Analyzing Prose by Richard A. Lanham

The origin of style is you. The Writer. The Poet.

Writing is a reflection of your intuition, insight, imaginative leaps, inspiration, sensitivity, awareness, and that aha! moment when images appear in your mind’s eye or speak to you through your inner voice. Style involves this string of moments, stretched out as you begin to adjust to the fact that you are responsible for your style. This is to not to say that the first, second, or fifteenth poem or story you write establishes your style. You need to build the capacity for it to show up, to intrigue you, to implicate you in the perfection of it. Finding your style takes perception, practice, and perseverance. Then it’s yours to keep.

The first step toward the development of your style is a specific attraction to words, even a love of words, to shape them but also to let them lead you. Consider that words are the primary element that creates your style. It is like a formula: Writer + Words = Style. It’s very simple when you see the formula, and you adjust to the fact that words make the style and you are the judge of words, until words take over and you are both repository and guide. This is when you watch them and begin to appreciate how they transform you into a magician of syntactical experiments that flow into acrobatic tricks of phrases and clauses and compound-complex sentences and end up in a poem or story, essay or creative nonfiction narrative. You have not been tricked. You have experimented—listening and watching and letting go with words.

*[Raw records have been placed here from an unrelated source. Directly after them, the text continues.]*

(* Let $X$ have a pdf $f$ satisfying Conditions (A) and (B) below. Then $$\lim_{\delta\to0}\Big[\mathrm{AoI}(S_{\mathrm z},Q_{\mathrm{uni}}^\delta,F_{\mathrm s})-\tfrac32 H[Q_{\mathrm{uni}}^\delta(X)]\Big]=0.$$
   Context: Let $X$ be a real random variable with pdf $f$. Condition (A): $f$ is continuous and differentiable, and its support is a bounded interval $I$. Condition (B): $\int_I f\log_2^2 f\,dx$ and $-\int_I f\log_2 f\,dx$ exist and are finite. The uniform quantizer $Q_{\mathrm{uni}}^\delta$ partitions $I$ into consecutive cells of length $\delta$. Let $p_i$ be the probability that $X$ lies in cell $i$, and $H[Q_{\mathrm{uni}}^\delta(X)]=-\sum_ip_i\log_2p_i$. The real-valued Shannon code $F_{\mathrm s}$ assigns length $l_i=-\log_2p_i$ to cell $i$, and $L=l_i$ when $X$ is in cell $i$. Under the zero-wait sampler, $\mathrm{AoI}(S_{\mathrm z},Q_{\mathrm{uni}}^\delta,F_{\mathrm s})=\frac{E[L^2]}{2E[L]}+E[L]$. *)

theory Defs
  imports "HOL-Analysis.Analysis"
begin

text \<open>Uniform quantizer of step delta on the support interval I = [a,b]:
  cells [a + k delta, a + (k+1) delta) intersected with [a,b], k = 0 .. N-1,
  where N = ceiling((b-a)/delta) (the last cell may be shorter).\<close>

definition uni_ncells :: "real \<Rightarrow> real \<Rightarrow> real \<Rightarrow> nat" where
  "uni_ncells a b \<delta> = nat \<lceil>(b - a) / \<delta>\<rceil>"

definition uni_cell :: "real \<Rightarrow> real \<Rightarrow> real \<Rightarrow> nat \<Rightarrow> real set" where
  "uni_cell a b \<delta> k = {a + real k * \<delta> ..< a + real (Suc k) * \<delta>} \<inter> {a..b}"

definition cell_prob :: "(real \<Rightarrow> real) \<Rightarrow> real \<Rightarrow> real \<Rightarrow> real \<Rightarrow> nat \<Rightarrow> real" where
  "cell_prob f a b \<delta> k = integral (uni_cell a b \<delta> k) f"

definition quant_entropy :: "(real \<Rightarrow> real) \<Rightarrow> real \<Rightarrow> real \<Rightarrow> real \<Rightarrow> real" where
  "quant_entropy f a b \<delta> =
     - (\<Sum>k<uni_ncells a b \<delta>. cell_prob f a b \<delta> k * log 2 (cell_prob f a b \<delta> k))"

text \<open>Real-valued Shannon code: l_i = - log2 p_i; L = l_i when X lies in cell i.\<close>
definition shannon_len :: "(real \<Rightarrow> real) \<Rightarrow> real \<Rightarrow> real \<Rightarrow> real \<Rightarrow> nat \<Rightarrow> real" where
  "shannon_len f a b \<delta> k = - log 2 (cell_prob f a b \<delta> k)"

definition EL :: "(real \<Rightarrow> real) \<Rightarrow> real \<Rightarrow> real \<Rightarrow> real \<Rightarrow> real" where
  "EL f a b \<delta> = (\<Sum>k<uni_ncells a b \<delta>. cell_prob f a b \<delta> k * shannon_len f a b \<delta> k)"

definition EL2 :: "(real \<Rightarrow> real) \<Rightarrow> real \<Rightarrow> real \<Rightarrow> real \<Rightarrow> real" where
  "EL2 f a b \<delta> = (\<Sum>k<uni_ncells a b \<delta>. cell_prob f a b \<delta> k * (shannon_len f a b \<delta> k)\<^sup>2)"

text \<open>AoI under the zero-wait sampler: E[L^2]/(2 E[L]) + E[L].\<close>
definition AoI_zw_uni_shannon :: "(real \<Rightarrow> real) \<Rightarrow> real \<Rightarrow> real \<Rightarrow> real \<Rightarrow> real" where
  "AoI_zw_uni_shannon f a b \<delta> = EL2 f a b \<delta> / (2 * EL f a b \<delta>) + EL f a b \<delta>"

end

theory Submission
  imports Defs
begin

text \<open>A continuous density on a compact interval is bounded, say by \<open>M\<close>, so every cell has
  probability at most \<open>M \<delta>\<close>. Hence \<open>H = E[L] \<ge> -log\<^sub>2 (M \<delta>) \<rightarrow> \<infinity>\<close>, whereas the variance of
  \<open>L\<close> stays bounded: \<open>Var L \<le> E[(L + log\<^sub>2 \<delta>)\<^sup>2] = \<Sum>\<^sub>k \<delta> q\<^sub>k log\<^sub>2\<^sup>2 q\<^sub>k\<close> with \<open>q\<^sub>k = p\<^sub>k / \<delta> \<in> [0, M]\<close>,
  and \<open>q log\<^sub>2\<^sup>2 q\<close> is bounded on \<open>(0, M]\<close>. Since \<open>AoI - 3/2 H = Var L / (2 H)\<close>, the difference
  tends to \<open>0\<close>.\<close>

lemma mult_ln_squared_le:
  fixes q :: real
  assumes q: "0 < q"
  shows "q * (ln q)\<^sup>2 \<le> 8 + 2 * q ^ 3"
proof -
  have s: "0 < sqrt q" using q by simp
  have upper: "ln q \<le> q" using ln_le_minus_one[OF q] by linarith
  have "ln (1 / sqrt q) \<le> 1 / sqrt q - 1" using ln_le_minus_one[of "1 / sqrt q"] s by simp
  moreover have "ln (1 / sqrt q) = - ln q / 2" using q s by (simp add: ln_div ln_sqrt)
  ultimately have lower: "- ln q \<le> 2 / sqrt q" by (simp add: field_simps)
  have "0 < 2 / sqrt q" using s by simp
  then have "\<bar>ln q\<bar> \<le> 2 / sqrt q + q" unfolding abs_le_iff using upper lower q by linarith
  then have "(ln q)\<^sup>2 \<le> (2 / sqrt q + q)\<^sup>2" by (metis abs_ge_zero power2_abs power_mono)
  also have "\<dots> \<le> 2 * (2 / sqrt q)\<^sup>2 + 2 * q\<^sup>2" by (smt (verit) sum_squares_bound power2_sum)
  also have "(2 / sqrt q)\<^sup>2 = 4 / q" using q by (simp add: power_divide)
  finally have "q * (ln q)\<^sup>2 \<le> q * (8 / q + 2 * q\<^sup>2)" using q by (simp add: mult_left_mono)
  also have "\<dots> = 8 + 2 * q ^ 3" using q by (simp add: field_simps power2_eq_square power3_eq_cube)
  finally show ?thesis .
qed

lemma weighted_sq_dev_eq_variance_plus_bias:
  fixes p L :: "'a \<Rightarrow> real"
  assumes "sum p A = 1"
  shows "(\<Sum>k\<in>A. p k * (L k - c)\<^sup>2)
    = ((\<Sum>k\<in>A. p k * (L k)\<^sup>2) - (\<Sum>k\<in>A. p k * L k)\<^sup>2) + ((\<Sum>k\<in>A. p k * L k) - c)\<^sup>2"
proof -
  have "(\<Sum>k\<in>A. p k * (L k - c)\<^sup>2)
      = (\<Sum>k\<in>A. p k * (L k)\<^sup>2) - 2 * c * (\<Sum>k\<in>A. p k * L k) + c\<^sup>2 * sum p A"
    by (simp add: power2_diff algebra_simps sum.distrib sum_subtractf sum_distrib_left
        sum_distrib_right)
  then show ?thesis using assms by (simp add: power2_diff)
qed

lemma weighted_variance_nonneg:
  fixes p L :: "'a \<Rightarrow> real"
  assumes "sum p A = 1" and "\<And>k. k \<in> A \<Longrightarrow> 0 \<le> p k"
  shows "0 \<le> (\<Sum>k\<in>A. p k * (L k)\<^sup>2) - (\<Sum>k\<in>A. p k * L k)\<^sup>2"
proof -
  have "0 \<le> (\<Sum>k\<in>A. p k * (L k - (\<Sum>k\<in>A. p k * L k))\<^sup>2)"
    using assms(2) by (intro sum_nonneg) simp
  then show ?thesis using weighted_sq_dev_eq_variance_plus_bias[OF assms(1)] by simp
qed

lemma weighted_variance_le_sq_dev:
  fixes p L :: "'a \<Rightarrow> real"
  assumes "sum p A = 1"
  shows "(\<Sum>k\<in>A. p k * (L k)\<^sup>2) - (\<Sum>k\<in>A. p k * L k)\<^sup>2 \<le> (\<Sum>k\<in>A. p k * (L k - c)\<^sup>2)"
  using weighted_sq_dev_eq_variance_plus_bias[OF assms, of L c] by simp

lemma neg_log_max_le_entropy:
  fixes p :: "'a \<Rightarrow> real"
  assumes sum_one: "sum p A = 1" and p: "\<And>k. k \<in> A \<Longrightarrow> 0 \<le> p k \<and> p k \<le> m"
  shows "- log 2 m \<le> (\<Sum>k\<in>A. p k * - log 2 (p k))"
proof -
  have "- log 2 m = sum p A * - log 2 m" using sum_one by simp
  also have "\<dots> = (\<Sum>k\<in>A. p k * - log 2 m)" by (rule sum_distrib_right)
  also have "\<dots> \<le> (\<Sum>k\<in>A. p k * - log 2 (p k))"
  proof (rule sum_mono)
    fix k assume k: "k \<in> A"
    show "p k * - log 2 m \<le> p k * - log 2 (p k)"
    proof (cases "p k = 0")
      case False
      then have "0 < p k" using p[OF k] by simp
      then show ?thesis using p[OF k] by (intro mult_left_mono) auto
    qed simp
  qed
  finally show ?thesis .
qed

lemma mult_log_ratio_squared_le:
  fixes p \<delta> M :: real
  assumes p: "0 \<le> p" "p \<le> M * \<delta>" and \<delta>: "0 < \<delta>"
  shows "p * (log 2 p - log 2 \<delta>)\<^sup>2 \<le> \<delta> * ((8 + 2 * M ^ 3) / (ln 2)\<^sup>2)"
proof (cases "p = 0")
  case True
  have "0 \<le> M * \<delta>" using p by linarith
  then have "0 \<le> M" using \<delta> by (simp add: zero_le_mult_iff)
  then show ?thesis using True \<delta> by simp
next
  case False
  define q where "q = p / \<delta>"
  have q: "0 < q" "q \<le> M" using p \<delta> False by (auto simp: q_def field_simps)
  have "p * (log 2 p - log 2 \<delta>)\<^sup>2 = \<delta> * (q * (ln q)\<^sup>2) / (ln 2)\<^sup>2"
    using p \<delta> False by (simp add: q_def log_def ln_div diff_divide_distrib[symmetric] power_divide)
  also have "\<dots> \<le> \<delta> * (8 + 2 * M ^ 3) / (ln 2)\<^sup>2"
  proof -
    have "q * (ln q)\<^sup>2 \<le> 8 + 2 * M ^ 3"
      using mult_ln_squared_le[OF q(1)] power_mono[OF q(2), of 3] q(1) by linarith
    then show ?thesis using \<delta> by (intro divide_right_mono mult_left_mono) auto
  qed
  finally show ?thesis by simp
qed

lemma shannon_length_variance_le:
  fixes p :: "'a \<Rightarrow> real" and M \<delta> :: real
  assumes sum_one: "sum p A = 1" and p: "\<And>k. k \<in> A \<Longrightarrow> 0 \<le> p k \<and> p k \<le> M * \<delta>"
    and \<delta>: "0 < \<delta>"
  shows "(\<Sum>k\<in>A. p k * (- log 2 (p k))\<^sup>2) - (\<Sum>k\<in>A. p k * - log 2 (p k))\<^sup>2
    \<le> card A * \<delta> * ((8 + 2 * M ^ 3) / (ln 2)\<^sup>2)"
proof -
  have "(\<Sum>k\<in>A. p k * (- log 2 (p k))\<^sup>2) - (\<Sum>k\<in>A. p k * - log 2 (p k))\<^sup>2
      \<le> (\<Sum>k\<in>A. p k * (- log 2 (p k) - - log 2 \<delta>)\<^sup>2)"
    by (rule weighted_variance_le_sq_dev[OF sum_one])
  also have "\<dots> = (\<Sum>k\<in>A. p k * (log 2 (p k) - log 2 \<delta>)\<^sup>2)"
    by (simp add: power2_commute)
  also have "\<dots> \<le> (\<Sum>k\<in>A. \<delta> * ((8 + 2 * M ^ 3) / (ln 2)\<^sup>2))"
    using p \<delta> by (intro sum_mono mult_log_ratio_squared_le) auto
  finally show ?thesis by simp
qed

lemma has_integral_subset_spike:
  fixes f :: "'n::euclidean_space \<Rightarrow> 'a::banach"
  assumes "(f has_integral I) S" and "T \<subseteq> S" and "S - T \<subseteq> {c}"
  shows "(f has_integral I) T"
proof (rule has_integral_spike_set_eq[THEN iffD1, OF _ _ assms(1)])
  show "negligible {x \<in> S - T. f x \<noteq> 0}"
    by (rule negligible_subset[of "{c}"]) (use assms(3) in auto)
  have "{x \<in> T - S. f x \<noteq> 0} = {}" using assms(2) by blast
  then show "negligible {x \<in> T - S. f x \<noteq> 0}" by (simp only: negligible_empty)
qed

Writing means words take you on a journey toward play, like an experiment, to know them, then to shape them, and finally to thank them. The journey is how you begin to see why you write in the first place. Why you are drawn to periodic sentences over cumulative sentences. Why you listen to how certain words and sentences work together to form rhythmic patterns. How you hear the beat of the paragraph and those tricky transitions that flow into the next paragraph and the next one after that. Why you commiserate with your characters when they speak to each other or maybe you even judge them. How you listen to their voices that pierce the mood and you see the synergy that articulates deep meaning. Most of all, you know their creative presence interfaces with your words. Your style made manifest.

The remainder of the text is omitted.